Ask HN: How much do developers earn in Europe? - ciaoben
https://docs.google.com/forms/d/e/1FAIpQLScTh14SV6qbMvGrGz5-XQz0aGp04j5M4P_4ciaSOXsTBfzvGA/viewform
======
thinbeige
Slightly OT but maybe helpful: Don't focus too much on the salary. It's just
one tiny part of the whole package.

Your dev job pays your rent, food and savings. I assume that most dev jobs do
this quite well.

Beyond this, the main goal of a job is _to increase your future market value,
your professional network and to have fun._ So. basically it's about how much
you are worth in your next job and that you enjoy your time.

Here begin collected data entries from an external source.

lemma real_poly_splits:
  fixes p :: "real poly"
  assumes monic: "lead_coeff p = 1" and real_roots: "\<And>z :: complex. poly (map_poly of_real p) z = 0 \<Longrightarrow> z \<in> \<real>"
  shows "p = (\<Prod>a\<in>#proots p. [:- a, 1:])" and "size (proots p) = degree p"
proof -
  define q where "q = map_poly (of_real :: real \<Rightarrow> complex) p"
  have dq: "degree q = degree p" unfolding q_def by (simp add: degree_map_poly)
  have lq: "lead_coeff q = 1" using monic dq unfolding q_def by (simp add: coeff_map_poly)
  define R where "R = image_mset Re (proots q)"
  have "x \<in> \<real>" if "x \<in># proots q" for x
    using that lq real_roots[of x] unfolding q_def by (cases "map_poly complex_of_real p = 0") auto
  then have "image_mset (of_real \<circ> Re) (proots q) = image_mset (\<lambda>x. x) (proots q)"
    by (intro image_mset_cong) (auto elim!: Reals_cases)
  then have imR: "image_mset of_real R = proots q"
    unfolding R_def multiset.map_comp by simp
  have mp: "map_poly of_real (\<Prod>a\<in>#R. [:- a, 1:]) = q"
    using complex_poly_decompose_multiset[of q] lq
    by (simp add: map_poly_of_real_prod_mset multiset.map_comp o_def flip: imR)
  have "coeff p n = coeff (\<Prod>a\<in>#R. [:- a, 1:]) n" for n
    using arg_cong[OF mp, of "\<lambda>r. coeff r n"] unfolding q_def by (simp add: coeff_map_poly)
  then have peq: "p = (\<Prod>a\<in>#R. [:- a, 1:])"
    by (rule poly_eqI)
  moreover have "proots (\<Prod>a\<in>#R. [:- a, 1:]) = R"
    by (rule proots_prod_linear_factors)
  ultimately show "p = (\<Prod>a\<in>#proots p. [:- a, 1:])" by simp
  show "size (proots p) = degree p"
    using size_proots_complex[of q] dq peq \<open>proots (\<Prod>a\<in>#R. [:- a, 1:]) = R\<close>
    by (simp flip: imR)
qed

lemma poly_map_poly_of_real:
  "poly (map_poly of_real p) (of_real x) = (of_real (poly p x) :: 'a::{real_algebra_1,comm_ring_1})"
  by (induction p) (auto simp: map_poly_pCons)

lemma prod_mset_uminus: "(\<Prod>a\<in>#R. - a) = (-1) ^ size R * prod_mset (R :: 'a::comm_ring_1 multiset)"
  by (induction R) simp_all

lemma charpoly_gram_root_real_nonneg:
  fixes A :: "real^'n^'n" and z :: complex
  assumes "poly (map_poly of_real (charpoly_mat (transpose A ** A))) z = 0"
  shows "z \<in> \<real>" "0 \<le> Re z"
proof -
  obtain v where "v \<noteq> 0" "\<And>i. z * v $ i = (\<Sum>j\<in>UNIV. of_real ((transpose A ** A) $ i $ j) * v $ j)"
    using charpoly_mat_root_eigenvector[OF assms] by blast
  then show "z \<in> \<real>" "0 \<le> Re z" by (rule gram_eigenvalue_nonneg)+
qed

A high salary doesn't help you if you do stuff which doesn't matter in a few
years.

A high salary doesn't help you if you work at an unknown company which goes
bankrupt in a few months and you cannot show a finished product or that you
can stay at one job longer than 12 months.

A high salary doesn't help you if your coworkers are toxic or not the smartest
guys or their English is on such a basic level that the communication and not
the coding is your daily challenge.

A high salary doesn't help you if your CTO is a passive-aggressive, clueless
guy who doesn't talk.

A high salary doesn't help you if you just work on some side projects nobody
cares about, in a programming language you weren't hired for.

A high salary doesn't help you if you are not happy.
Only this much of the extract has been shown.